(Given data)

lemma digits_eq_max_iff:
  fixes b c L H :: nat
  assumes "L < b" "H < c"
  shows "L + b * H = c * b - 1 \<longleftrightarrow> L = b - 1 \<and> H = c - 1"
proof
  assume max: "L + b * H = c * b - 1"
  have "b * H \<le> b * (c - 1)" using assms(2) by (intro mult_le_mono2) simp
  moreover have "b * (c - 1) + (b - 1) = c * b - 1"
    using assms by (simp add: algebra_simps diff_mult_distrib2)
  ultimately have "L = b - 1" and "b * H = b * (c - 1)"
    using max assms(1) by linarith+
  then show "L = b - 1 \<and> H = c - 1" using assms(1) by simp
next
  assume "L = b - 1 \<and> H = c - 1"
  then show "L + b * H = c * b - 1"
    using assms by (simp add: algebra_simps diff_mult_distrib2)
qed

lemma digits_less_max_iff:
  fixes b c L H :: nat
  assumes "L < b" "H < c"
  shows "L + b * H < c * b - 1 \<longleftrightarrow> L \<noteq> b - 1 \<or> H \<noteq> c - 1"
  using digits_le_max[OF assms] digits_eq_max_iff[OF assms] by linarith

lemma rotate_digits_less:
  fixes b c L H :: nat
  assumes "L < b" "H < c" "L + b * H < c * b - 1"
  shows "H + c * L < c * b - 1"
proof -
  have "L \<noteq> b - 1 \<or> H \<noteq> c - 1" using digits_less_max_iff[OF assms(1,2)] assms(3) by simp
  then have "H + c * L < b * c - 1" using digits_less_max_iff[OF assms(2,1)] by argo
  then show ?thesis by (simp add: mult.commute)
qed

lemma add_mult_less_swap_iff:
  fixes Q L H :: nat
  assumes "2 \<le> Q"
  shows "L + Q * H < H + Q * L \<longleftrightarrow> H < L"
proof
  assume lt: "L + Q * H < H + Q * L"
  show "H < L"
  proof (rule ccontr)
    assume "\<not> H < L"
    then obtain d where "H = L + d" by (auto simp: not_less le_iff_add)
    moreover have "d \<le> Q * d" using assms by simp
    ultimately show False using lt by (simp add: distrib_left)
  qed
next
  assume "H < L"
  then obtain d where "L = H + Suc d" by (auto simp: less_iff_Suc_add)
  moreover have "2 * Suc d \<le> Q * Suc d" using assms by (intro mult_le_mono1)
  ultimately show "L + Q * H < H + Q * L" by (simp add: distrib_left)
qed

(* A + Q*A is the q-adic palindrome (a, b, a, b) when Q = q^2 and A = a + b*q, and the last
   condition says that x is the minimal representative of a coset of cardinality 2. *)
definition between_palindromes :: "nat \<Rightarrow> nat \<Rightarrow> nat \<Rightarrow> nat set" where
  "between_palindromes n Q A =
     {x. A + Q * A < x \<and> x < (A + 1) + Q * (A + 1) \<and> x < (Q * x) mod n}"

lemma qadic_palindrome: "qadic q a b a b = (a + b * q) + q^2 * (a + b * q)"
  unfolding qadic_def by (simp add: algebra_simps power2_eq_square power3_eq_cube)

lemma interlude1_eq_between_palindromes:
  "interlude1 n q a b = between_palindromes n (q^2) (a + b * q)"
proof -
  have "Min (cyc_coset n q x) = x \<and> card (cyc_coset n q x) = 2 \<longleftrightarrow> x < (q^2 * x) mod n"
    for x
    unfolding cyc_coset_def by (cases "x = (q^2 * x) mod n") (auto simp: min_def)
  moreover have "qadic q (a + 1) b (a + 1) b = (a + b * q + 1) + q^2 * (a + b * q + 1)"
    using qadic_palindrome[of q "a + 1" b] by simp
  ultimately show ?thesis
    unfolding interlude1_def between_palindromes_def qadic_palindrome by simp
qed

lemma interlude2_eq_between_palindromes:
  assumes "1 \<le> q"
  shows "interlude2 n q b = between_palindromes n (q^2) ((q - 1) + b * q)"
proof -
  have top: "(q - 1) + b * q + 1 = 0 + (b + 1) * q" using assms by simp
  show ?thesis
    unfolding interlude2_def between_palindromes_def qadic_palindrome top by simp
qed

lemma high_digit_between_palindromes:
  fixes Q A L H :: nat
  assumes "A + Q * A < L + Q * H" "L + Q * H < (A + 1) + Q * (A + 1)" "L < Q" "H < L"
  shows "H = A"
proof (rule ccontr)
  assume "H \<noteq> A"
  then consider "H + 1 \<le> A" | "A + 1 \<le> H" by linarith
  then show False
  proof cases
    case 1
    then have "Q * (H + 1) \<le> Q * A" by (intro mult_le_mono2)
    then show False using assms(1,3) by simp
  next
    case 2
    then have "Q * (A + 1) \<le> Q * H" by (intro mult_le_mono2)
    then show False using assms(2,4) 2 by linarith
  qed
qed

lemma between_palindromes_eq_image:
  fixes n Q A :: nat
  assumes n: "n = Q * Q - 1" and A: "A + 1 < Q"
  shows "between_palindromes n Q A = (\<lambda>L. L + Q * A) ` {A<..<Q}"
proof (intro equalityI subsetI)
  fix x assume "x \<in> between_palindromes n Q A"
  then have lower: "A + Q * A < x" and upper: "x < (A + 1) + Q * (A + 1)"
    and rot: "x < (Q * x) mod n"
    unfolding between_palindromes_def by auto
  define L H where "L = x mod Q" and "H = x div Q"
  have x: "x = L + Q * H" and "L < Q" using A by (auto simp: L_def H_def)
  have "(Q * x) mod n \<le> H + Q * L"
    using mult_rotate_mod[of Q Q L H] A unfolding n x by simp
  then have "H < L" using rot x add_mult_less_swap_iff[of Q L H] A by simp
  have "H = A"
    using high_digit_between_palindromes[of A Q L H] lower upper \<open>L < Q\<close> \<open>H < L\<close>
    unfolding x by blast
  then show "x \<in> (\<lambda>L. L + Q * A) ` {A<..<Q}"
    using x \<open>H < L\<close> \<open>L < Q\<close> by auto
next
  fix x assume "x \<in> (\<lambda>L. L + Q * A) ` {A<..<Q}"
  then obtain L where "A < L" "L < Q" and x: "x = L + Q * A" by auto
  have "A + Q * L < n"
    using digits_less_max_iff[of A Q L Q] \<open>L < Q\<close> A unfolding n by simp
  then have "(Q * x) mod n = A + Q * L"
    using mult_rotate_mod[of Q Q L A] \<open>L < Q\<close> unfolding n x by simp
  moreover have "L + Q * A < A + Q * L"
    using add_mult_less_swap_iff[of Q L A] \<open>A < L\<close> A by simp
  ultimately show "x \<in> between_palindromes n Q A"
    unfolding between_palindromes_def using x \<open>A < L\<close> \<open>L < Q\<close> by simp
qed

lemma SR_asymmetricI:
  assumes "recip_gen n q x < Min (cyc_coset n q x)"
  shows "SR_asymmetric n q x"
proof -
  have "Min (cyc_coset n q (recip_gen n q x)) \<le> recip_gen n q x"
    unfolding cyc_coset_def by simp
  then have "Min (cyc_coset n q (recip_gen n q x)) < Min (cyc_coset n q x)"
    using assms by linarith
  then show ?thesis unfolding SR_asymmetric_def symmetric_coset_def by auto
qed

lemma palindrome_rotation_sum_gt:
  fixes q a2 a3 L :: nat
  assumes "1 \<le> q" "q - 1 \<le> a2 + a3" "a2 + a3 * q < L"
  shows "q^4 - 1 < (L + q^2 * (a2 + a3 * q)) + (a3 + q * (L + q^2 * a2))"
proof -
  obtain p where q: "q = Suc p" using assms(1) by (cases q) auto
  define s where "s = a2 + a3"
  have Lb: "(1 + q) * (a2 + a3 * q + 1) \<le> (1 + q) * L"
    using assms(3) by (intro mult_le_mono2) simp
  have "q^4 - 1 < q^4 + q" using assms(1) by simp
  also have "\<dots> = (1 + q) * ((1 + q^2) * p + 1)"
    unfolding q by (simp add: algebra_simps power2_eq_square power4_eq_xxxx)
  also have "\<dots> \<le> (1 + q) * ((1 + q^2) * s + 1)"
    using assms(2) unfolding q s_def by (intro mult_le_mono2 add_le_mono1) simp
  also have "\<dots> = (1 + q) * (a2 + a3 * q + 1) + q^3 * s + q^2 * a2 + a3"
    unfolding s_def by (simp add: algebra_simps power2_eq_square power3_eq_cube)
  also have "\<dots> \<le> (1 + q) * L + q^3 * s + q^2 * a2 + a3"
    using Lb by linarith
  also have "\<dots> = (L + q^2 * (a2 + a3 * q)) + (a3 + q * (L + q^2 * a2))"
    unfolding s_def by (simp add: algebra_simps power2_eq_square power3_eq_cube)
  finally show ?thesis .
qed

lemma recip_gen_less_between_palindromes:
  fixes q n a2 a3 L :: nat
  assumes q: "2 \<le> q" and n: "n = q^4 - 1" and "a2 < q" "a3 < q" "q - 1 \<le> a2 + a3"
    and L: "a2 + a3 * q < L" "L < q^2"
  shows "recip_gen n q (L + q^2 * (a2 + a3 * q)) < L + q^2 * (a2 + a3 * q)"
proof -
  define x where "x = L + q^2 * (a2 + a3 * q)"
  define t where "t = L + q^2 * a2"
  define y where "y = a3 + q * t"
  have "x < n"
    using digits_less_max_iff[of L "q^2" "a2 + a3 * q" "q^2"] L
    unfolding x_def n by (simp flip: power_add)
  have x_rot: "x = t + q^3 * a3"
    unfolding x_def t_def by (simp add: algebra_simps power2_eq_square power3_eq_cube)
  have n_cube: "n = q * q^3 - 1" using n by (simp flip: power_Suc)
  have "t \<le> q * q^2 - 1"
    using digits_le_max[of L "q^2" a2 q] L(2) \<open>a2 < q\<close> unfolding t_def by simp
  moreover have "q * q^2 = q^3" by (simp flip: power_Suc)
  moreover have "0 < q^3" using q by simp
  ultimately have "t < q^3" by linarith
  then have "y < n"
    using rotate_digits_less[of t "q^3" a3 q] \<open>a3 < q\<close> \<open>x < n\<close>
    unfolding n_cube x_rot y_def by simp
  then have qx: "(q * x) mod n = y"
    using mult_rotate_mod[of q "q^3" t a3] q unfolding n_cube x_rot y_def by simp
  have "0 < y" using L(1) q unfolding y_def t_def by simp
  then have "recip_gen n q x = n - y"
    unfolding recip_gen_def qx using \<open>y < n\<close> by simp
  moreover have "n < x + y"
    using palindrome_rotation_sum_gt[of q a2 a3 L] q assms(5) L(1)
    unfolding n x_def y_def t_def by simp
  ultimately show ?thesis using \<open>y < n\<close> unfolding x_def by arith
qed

(End Given data)
(Given data)

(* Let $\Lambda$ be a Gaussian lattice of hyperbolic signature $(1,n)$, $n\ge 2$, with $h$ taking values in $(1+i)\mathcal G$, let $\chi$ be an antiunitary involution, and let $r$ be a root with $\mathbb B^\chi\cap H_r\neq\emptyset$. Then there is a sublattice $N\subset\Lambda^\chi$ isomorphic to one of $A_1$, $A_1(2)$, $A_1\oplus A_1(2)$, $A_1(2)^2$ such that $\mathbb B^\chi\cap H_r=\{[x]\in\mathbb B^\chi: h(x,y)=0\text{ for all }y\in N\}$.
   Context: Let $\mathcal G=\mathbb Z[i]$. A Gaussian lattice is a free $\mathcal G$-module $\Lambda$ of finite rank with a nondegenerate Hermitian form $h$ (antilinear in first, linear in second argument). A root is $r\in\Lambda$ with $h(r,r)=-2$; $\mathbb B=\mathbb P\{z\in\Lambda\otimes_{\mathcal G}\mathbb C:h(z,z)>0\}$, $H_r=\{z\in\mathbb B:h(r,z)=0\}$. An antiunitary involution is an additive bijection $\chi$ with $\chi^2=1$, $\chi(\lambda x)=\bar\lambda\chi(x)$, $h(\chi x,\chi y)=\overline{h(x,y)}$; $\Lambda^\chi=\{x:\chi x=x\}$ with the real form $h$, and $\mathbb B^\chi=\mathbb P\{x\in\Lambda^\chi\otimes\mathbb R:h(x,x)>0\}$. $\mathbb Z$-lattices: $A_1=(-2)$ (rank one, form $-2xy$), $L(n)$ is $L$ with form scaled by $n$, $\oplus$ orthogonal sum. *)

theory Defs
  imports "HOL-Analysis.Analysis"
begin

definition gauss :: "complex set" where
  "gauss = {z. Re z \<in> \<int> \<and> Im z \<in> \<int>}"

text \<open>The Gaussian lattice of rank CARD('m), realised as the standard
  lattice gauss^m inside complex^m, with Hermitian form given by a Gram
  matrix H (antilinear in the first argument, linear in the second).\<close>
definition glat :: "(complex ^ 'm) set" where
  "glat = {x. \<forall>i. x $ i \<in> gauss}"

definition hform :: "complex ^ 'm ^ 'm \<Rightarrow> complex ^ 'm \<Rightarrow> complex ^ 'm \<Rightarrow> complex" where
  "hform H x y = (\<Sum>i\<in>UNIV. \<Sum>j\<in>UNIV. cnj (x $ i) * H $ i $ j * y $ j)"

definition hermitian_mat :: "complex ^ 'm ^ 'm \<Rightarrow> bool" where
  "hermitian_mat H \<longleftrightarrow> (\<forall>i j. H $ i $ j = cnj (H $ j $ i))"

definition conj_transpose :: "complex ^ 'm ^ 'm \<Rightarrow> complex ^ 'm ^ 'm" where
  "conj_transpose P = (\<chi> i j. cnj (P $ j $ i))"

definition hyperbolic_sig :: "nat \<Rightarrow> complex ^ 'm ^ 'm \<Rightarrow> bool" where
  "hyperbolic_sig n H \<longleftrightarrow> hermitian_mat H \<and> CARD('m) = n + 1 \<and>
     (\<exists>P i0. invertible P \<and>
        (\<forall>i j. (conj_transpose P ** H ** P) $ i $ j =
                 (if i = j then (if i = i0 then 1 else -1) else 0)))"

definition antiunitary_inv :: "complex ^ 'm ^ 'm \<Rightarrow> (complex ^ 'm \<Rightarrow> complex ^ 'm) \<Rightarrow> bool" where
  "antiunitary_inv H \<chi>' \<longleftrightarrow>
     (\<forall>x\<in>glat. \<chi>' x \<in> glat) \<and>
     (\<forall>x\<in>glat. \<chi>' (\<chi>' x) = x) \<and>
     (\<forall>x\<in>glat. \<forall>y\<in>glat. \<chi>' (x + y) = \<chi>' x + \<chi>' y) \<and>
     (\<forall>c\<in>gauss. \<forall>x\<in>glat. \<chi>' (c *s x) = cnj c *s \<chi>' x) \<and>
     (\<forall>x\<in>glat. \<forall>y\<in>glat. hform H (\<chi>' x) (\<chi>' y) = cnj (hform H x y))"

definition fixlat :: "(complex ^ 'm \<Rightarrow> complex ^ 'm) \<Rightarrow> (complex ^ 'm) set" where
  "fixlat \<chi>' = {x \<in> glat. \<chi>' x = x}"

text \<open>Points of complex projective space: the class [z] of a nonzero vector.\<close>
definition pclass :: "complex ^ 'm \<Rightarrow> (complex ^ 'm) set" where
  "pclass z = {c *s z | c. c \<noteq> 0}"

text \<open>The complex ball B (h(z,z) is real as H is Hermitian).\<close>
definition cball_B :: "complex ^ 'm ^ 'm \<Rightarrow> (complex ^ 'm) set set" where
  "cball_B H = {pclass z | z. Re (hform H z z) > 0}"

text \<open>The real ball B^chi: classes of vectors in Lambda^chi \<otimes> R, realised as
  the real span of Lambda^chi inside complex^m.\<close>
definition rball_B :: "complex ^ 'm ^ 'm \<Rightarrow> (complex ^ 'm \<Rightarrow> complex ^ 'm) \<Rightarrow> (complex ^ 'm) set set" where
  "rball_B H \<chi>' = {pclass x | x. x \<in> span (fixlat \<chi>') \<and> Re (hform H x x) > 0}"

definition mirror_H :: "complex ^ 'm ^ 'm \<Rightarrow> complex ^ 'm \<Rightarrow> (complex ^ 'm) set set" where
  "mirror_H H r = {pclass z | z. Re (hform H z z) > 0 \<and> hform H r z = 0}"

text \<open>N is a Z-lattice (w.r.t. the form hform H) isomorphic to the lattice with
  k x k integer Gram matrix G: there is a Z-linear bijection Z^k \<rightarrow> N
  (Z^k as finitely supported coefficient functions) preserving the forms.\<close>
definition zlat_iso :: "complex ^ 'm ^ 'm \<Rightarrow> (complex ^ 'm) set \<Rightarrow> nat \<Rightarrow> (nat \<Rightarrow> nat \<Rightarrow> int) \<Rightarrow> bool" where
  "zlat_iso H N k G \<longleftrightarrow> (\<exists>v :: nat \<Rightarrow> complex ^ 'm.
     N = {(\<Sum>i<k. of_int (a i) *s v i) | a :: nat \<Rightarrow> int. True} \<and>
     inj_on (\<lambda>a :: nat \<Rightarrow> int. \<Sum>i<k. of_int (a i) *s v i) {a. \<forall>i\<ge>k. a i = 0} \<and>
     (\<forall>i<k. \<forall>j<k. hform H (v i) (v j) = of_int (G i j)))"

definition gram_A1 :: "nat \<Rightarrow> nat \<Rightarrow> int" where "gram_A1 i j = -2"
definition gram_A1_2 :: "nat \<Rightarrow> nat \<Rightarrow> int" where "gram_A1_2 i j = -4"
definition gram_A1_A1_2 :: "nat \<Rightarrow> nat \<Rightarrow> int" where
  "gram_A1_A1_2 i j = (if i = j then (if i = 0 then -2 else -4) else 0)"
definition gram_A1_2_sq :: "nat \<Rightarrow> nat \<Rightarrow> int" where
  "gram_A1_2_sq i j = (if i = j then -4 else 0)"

(End Given data)

- [Activity]: From the data, collect all lines where the string "antilinear" appears.

- [Answer for the task]:
   Context: Let $\mathcal G=\mathbb Z[i]$. A Gaussian lattice is a free $\mathcal G$-module $\Lambda$ of finite rank with a nondegenerate Hermitian form $h$ (antilinear in first, linear in second argument). A root is $r\in\Lambda$ with $h(r,r)=-2$; $\mathbb B=\mathbb P\{z\in\Lambda\otimes_{\mathcal G}\mathbb C:h(z,z)>0\}$, $H_r=\{z\in\mathbb B:h(r,z)=0\}$. An antiunitary involution is an additive bijection $\chi$ with $\chi^2=1$, $\chi(\lambda x)=\bar\lambda\chi(x)$, $h(\chi x,\chi y)=\overline{h(x,y)}$; $\Lambda^\chi=\{x:\chi x=x\}$ with the real form $h$, and $\mathbb B^\chi=\mathbb P\{x\in\Lambda^\chi\otimes\mathbb R:h(x,x)>0\}$. $\mathbb Z$-lattices: $A_1=(-2)$ (rank one, form $-2xy$), $L(n)$ is $L$ with form scaled by $n$, $\oplus$ orthogonal sum. *)
  matrix H (antilinear in the first argument, linear in the second).\<close>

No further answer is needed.